When a man feels sorry for his abusive behavior, his regrets collide with his entitlement. The contradictory chatter inside his head sounds something like this:
I feel bad that I said ‘fuck you’ to her; that’s not a good thing to say, especially in front of the children. I lost it, and I want my family to have an image of me as always being strong and in charge. I don’t like for them to see me looking ugly the way I did in that argument; it hurts my self-esteem. But she called me “irresponsible”! How does she expect me to react when she says something like that? She can’t talk to me that way. Now the children are going to think I was the bad guy, when she was the cause of it. If they start siding with her, I’m going to let them know why I was mad. Now she’s made me look really bad. Fuck her.

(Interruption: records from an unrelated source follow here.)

definition pi_adically_complete :: "'v::idom \<Rightarrow> bool" where
  "pi_adically_complete \<pi> \<longleftrightarrow>
     (\<forall>a :: nat \<Rightarrow> 'v. (\<forall>n. \<pi> ^ n dvd (a (Suc n) - a n)) \<longrightarrow>
        (\<exists>l. \<forall>n. \<pi> ^ n dvd (l - a n)))"

definition complete_dvr :: "'v::idom \<Rightarrow> bool" where
  "complete_dvr \<pi> \<longleftrightarrow> dvr_uniformiser \<pi> \<and> pi_adically_complete \<pi>"

definition is_bornology :: "'m set set \<Rightarrow> bool" where
  "is_bornology B \<longleftrightarrow> (\<forall>F. finite F \<longrightarrow> F \<in> B) \<and>
     (\<forall>S\<in>B. \<forall>T\<in>B. S \<union> T \<in> B) \<and> (\<forall>S\<in>B. \<forall>T. T \<subseteq> S \<longrightarrow> T \<in> B)"

definition bornological_module ::
  "('v::comm_ring_1 \<Rightarrow> 'm::ab_group_add \<Rightarrow> 'm) \<Rightarrow> 'm set set \<Rightarrow> bool" where
  "bornological_module scale B \<longleftrightarrow> module scale \<and> is_bornology B \<and>
     (\<forall>S\<in>B. \<exists>T\<in>B. module.subspace scale T \<and> S \<subseteq> T)"

definition torsionfree_bornological_module ::
  "('v::comm_ring_1 \<Rightarrow> 'm::ab_group_add \<Rightarrow> 'm) \<Rightarrow> 'v \<Rightarrow> 'm set set \<Rightarrow> bool" where
  "torsionfree_bornological_module scale \<pi> B \<longleftrightarrow> bornological_module scale B \<and>
     (\<forall>a x. scale a x = 0 \<longrightarrow> a = 0 \<or> x = 0) \<and>
     (\<forall>S\<in>B. {x. scale \<pi> x \<in> S} \<in> B)"

definition compactoid ::
  "('v::comm_ring_1 \<Rightarrow> 'm::ab_group_add \<Rightarrow> 'm) \<Rightarrow> 'v \<Rightarrow> 'm set set \<Rightarrow> 'm set \<Rightarrow> bool" where
  "compactoid scale \<pi> B S \<longleftrightarrow>
     (\<exists>T\<in>B. module.subspace scale T \<and> S \<subseteq> T \<and>
        (\<forall>n::nat. \<exists>F. finite F \<and> F \<subseteq> T \<and>
           S \<subseteq> {a + b | a b. a \<in> module.span scale F \<and> b \<in> scale (\<pi> ^ n) ` T}))"

text \<open>The bornology of \<open>M'\<close>: the compactoid subsets.\<close>
definition compactoid_bornology ::
  "('v::comm_ring_1 \<Rightarrow> 'm::ab_group_add \<Rightarrow> 'm) \<Rightarrow> 'v \<Rightarrow> 'm set set \<Rightarrow> 'm set set" where
  "compactoid_bornology scale \<pi> B = {S. compactoid scale \<pi> B S}"

definition nuclear ::
  "('v::comm_ring_1 \<Rightarrow> 'm::ab_group_add \<Rightarrow> 'm) \<Rightarrow> 'v \<Rightarrow> 'm set set \<Rightarrow> bool" where
  "nuclear scale \<pi> B \<longleftrightarrow> (\<forall>S\<in>B. compactoid scale \<pi> B S)"

end

theory Submission
  imports Defs
begin

(*
  Let S be compactoid in M, witnessed by the bounded submodule T, and put
  Y_m = {t in T. pi^m t in span S}.  The submodule T' spanned by all pi^n Y_(2n)
  lies in T, contains S and is compactoid in M with witness T: each Y_m is
  compactoid in T by torsion-freeness, and the factors pi^n make the pieces
  pi-adically small.  Moreover S is compactoid with witness T': writing
  s = e + pi^(2n) t with e in the span of finitely many elements of S, the element
  t lies in Y_(2n), so pi^(2n) t lies in pi^n T'.  That the finite approximating
  sets can be chosen inside the set being approximated uses that every ideal of V
  is generated by a power of pi.
*)

definition compactoid_in ::
  "('v::comm_ring_1 \<Rightarrow> 'm::ab_group_add \<Rightarrow> 'm) \<Rightarrow> 'v \<Rightarrow> 'm set \<Rightarrow> 'm set \<Rightarrow> bool" where
  "compactoid_in scale \<pi> T S \<longleftrightarrow>
     (\<forall>n. \<exists>F. finite F \<and> F \<subseteq> T \<and> S \<subseteq> module.span scale (F \<union> scale (\<pi> ^ n) ` T))"

definition compactoid_hull ::
  "('v::comm_ring_1 \<Rightarrow> 'm::ab_group_add \<Rightarrow> 'm) \<Rightarrow> 'v \<Rightarrow> 'm set \<Rightarrow> 'm set \<Rightarrow> 'm set" where
  "compactoid_hull scale \<pi> T S = module.span scale
     (\<Union>n. scale (\<pi> ^ n) ` {t \<in> T. scale (\<pi> ^ (2 * n)) t \<in> module.span scale S})"

context module
begin

lemma module_hom_scale: "module_hom scale scale (scale c)"
  using module_axioms unfolding module_hom_iff
  by (simp add: scale_right_distrib scale_left_commute mult.commute)

lemma subspace_scale_image: "subspace T \<Longrightarrow> subspace (scale c ` T)"
  by (rule module_hom.subspace_image[OF module_hom_scale])

lemma span_scale_image: "span (scale c ` A) = scale c ` span A"
  by (rule module_hom.span_image[OF module_hom_scale])

lemma scale_image_scale_image_subset:
  assumes "subspace T"
  shows "scale a ` scale b ` T \<subseteq> scale b ` T"
proof
  fix x assume "x \<in> scale a ` scale b ` T"
  then obtain t where "t \<in> T" "x = scale b (scale a t)"
    by (auto simp only: scale_left_commute)
  then show "x \<in> scale b ` T" using assms subspace_scale by blast
qed

lemma set_plus_span_subspace:
  assumes "subspace Q"
  shows "{a + b | a b. a \<in> span F \<and> b \<in> Q} = span (F \<union> Q)"
  using assms by (simp add: span_Un span_eq_iff[THEN iffD2])

lemma span_finite_subset:
  assumes "x \<in> span X"
  obtains t where "finite t" "t \<subseteq> X" "x \<in> span t"
proof -
  from assms obtain t r where "finite t" "t \<subseteq> X" "x = (\<Sum>a\<in>t. scale (r a) a)"
    unfolding span_explicit by blast
  moreover have "x \<in> span t"
    unfolding \<open>x = _\<close> by (intro span_sum span_scale span_base)
  ultimately show thesis using that by blast
qed

lemma span_scale_coefficient:
  assumes "x \<in> span X" "x - scale a g \<in> span P"
  shows "\<exists>y\<in>span X. y - scale (c * a) g \<in> span P"
proof
  show "scale c x \<in> span X" using assms(1) by (rule span_scale)
  have "scale c x - scale (c * a) g = scale c (x - scale a g)"
    by (simp add: scale_right_diff_distrib)
  also have "\<dots> \<in> span P" using assms(2) by (rule span_scale)
  finally show "scale c x - scale (c * a) g \<in> span P" .
qed

lemma compactoid_iff_compactoid_in:
  "compactoid scale \<pi> B S \<longleftrightarrow> (\<exists>T\<in>B. subspace T \<and> S \<subseteq> T \<and> compactoid_in scale \<pi> T S)"
  unfolding compactoid_def compactoid_in_def
  by (intro bex_cong conj_cong refl all_cong ex_cong) (simp add: set_plus_span_subspace subspace_scale_image)

lemma compactoid_in_span:
  assumes "compactoid_in scale \<pi> T S"
  shows "compactoid_in scale \<pi> T (span S)"
  using assms unfolding compactoid_in_def by (meson span_minimal subspace_span)

lemma compactoid_in_span_UN_scale_power:
  assumes T: "subspace T" and Z: "\<And>n. Z n \<subseteq> T" "\<And>n. compactoid_in scale \<pi> T (Z n)"
  shows "compactoid_in scale \<pi> T (span (\<Union>n. scale (\<pi> ^ n) ` Z n))"
  unfolding compactoid_in_def
proof
  fix k
  have "\<forall>n. \<exists>F. finite F \<and> F \<subseteq> T \<and> Z n \<subseteq> span (F \<union> scale (\<pi> ^ k) ` T)"
    using Z(2) unfolding compactoid_in_def by blast
  then obtain G where G: "\<And>n. finite (G n)" "\<And>n. G n \<subseteq> T"
    "\<And>n. Z n \<subseteq> span (G n \<union> scale (\<pi> ^ k) ` T)"
    by metis
  define H where "H = (\<Union>n<k. scale (\<pi> ^ n) ` G n)"
  have "finite H" by (simp add: H_def G(1))
  moreover have "H \<subseteq> T" unfolding H_def using G(2) subspace_scale[OF T] by blast
  moreover have "scale (\<pi> ^ n) z \<in> span (H \<union> scale (\<pi> ^ k) ` T)" if "z \<in> Z n" for n z
  proof (cases "n < k")
    case True
    have "scale (\<pi> ^ n) ` G n \<subseteq> H" unfolding H_def using True by blast
    then have "scale (\<pi> ^ n) ` (G n \<union> scale (\<pi> ^ k) ` T) \<subseteq> H \<union> scale (\<pi> ^ k) ` T"
      unfolding image_Un by (intro Un_mono scale_image_scale_image_subset[OF T])
    moreover have "scale (\<pi> ^ n) z \<in> span (scale (\<pi> ^ n) ` (G n \<union> scale (\<pi> ^ k) ` T))"
      using G(3) that unfolding span_scale_image by blast
    ultimately show ?thesis by (meson span_mono subsetD)
  next
    case False
    then have "scale (\<pi> ^ n) z = scale (\<pi> ^ k) (scale (\<pi> ^ (n - k)) z)"
      by (simp flip: power_add)
    moreover have "scale (\<pi> ^ (n - k)) z \<in> T" using that Z(1) subspace_scale[OF T] by blast
    ultimately show ?thesis by (blast intro: span_base)
  qed
  then have "span (\<Union>n. scale (\<pi> ^ n) ` Z n) \<subseteq> span (H \<union> scale (\<pi> ^ k) ` T)"
    by (intro span_minimal subspace_span) blast
  ultimately show "\<exists>F. finite F \<and> F \<subseteq> T \<and>
      span (\<Union>n. scale (\<pi> ^ n) ` Z n) \<subseteq> span (F \<union> scale (\<pi> ^ k) ` T)"
    by blast
qed

end

lemma uniformiser_unit_times_power:
  assumes "dvr_uniformiser \<pi>" and "a \<noteq> 0"
  obtains v w k where "a = v * \<pi> ^ k" "w * a = \<pi> ^ k"
proof -
  from assms obtain v k where "v dvd 1" "a = v * \<pi> ^ k"
    unfolding dvr_uniformiser_def by blast
  moreover from \<open>v dvd 1\<close> obtain w where "1 = v * w" by (rule dvdE)
  ultimately have "w * a = \<pi> ^ k" by (simp add: algebra_simps)
  with \<open>a = v * \<pi> ^ k\<close> show thesis by (rule that)
qed

lemma uniformiser_power_generator:
  fixes \<pi> :: "'v::idom"
  assumes \<pi>: "dvr_uniformiser \<pi>" and I: "\<And>a c. a \<in> I \<Longrightarrow> c * a \<in> I" and "a \<in> I" "a \<noteq> 0"
  obtains n where "\<pi> ^ n \<in> I" "\<And>b. b \<in> I \<Longrightarrow> \<pi> ^ n dvd b"
proof
  have power_in_I: "\<exists>k. \<pi> ^ k \<in> I \<and> \<pi> ^ k dvd b" if "b \<in> I" "b \<noteq> 0" for b
  proof -
    obtain v w k where "b = v * \<pi> ^ k" "w * b = \<pi> ^ k"
      using uniformiser_unit_times_power[OF \<pi> \<open>b \<noteq> 0\<close>] .
    have "\<pi> ^ k \<in> I" using I[OF \<open>b \<in> I\<close>, of w] \<open>w * b = \<pi> ^ k\<close> by simp
    moreover have "\<pi> ^ k dvd b" using \<open>b = v * \<pi> ^ k\<close> by simp
    ultimately show ?thesis by blast
  qed
  define n where "n = (LEAST n. \<pi> ^ n \<in> I)"
  show "\<pi> ^ n \<in> I"
    unfolding n_def by (rule LeastI_ex) (use power_in_I \<open>a \<in> I\<close> \<open>a \<noteq> 0\<close> in blast)
  show "\<pi> ^ n dvd b" if "b \<in> I" for b
  proof (cases "b = 0")
    case False
    then obtain k where "\<pi> ^ k \<in> I" "\<pi> ^ k dvd b" using power_in_I \<open>b \<in> I\<close> by blast
    moreover from \<open>\<pi> ^ k \<in> I\<close> have "n \<le> k" unfolding n_def by (rule Least_le)
    ultimately show ?thesis using le_imp_power_dvd dvd_trans by blast
  qed simp
qed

Let’s follow the path that this man’s internal dialogue takes. First, his remorse is not primarily focused on the way his verbal assault wounded his partner. What he feels bad about mostly is: (1) He damaged his image in other people’s eyes; (2) he offended his own sense of how he would like to be; (3) he feels he should be able to control his partner without resorting to abuse. From those thoughts he slides into blaming his outburst on his partner, which he feels entitled to do, and in this way rids himself of his feelings of guilt. By the end of his self-talk, he is holding his partner responsible for everything, including the effects that he has just had on their children. The abuser’s self-focus and victim-blaming orientation tend to cause his remorse to fade in this way.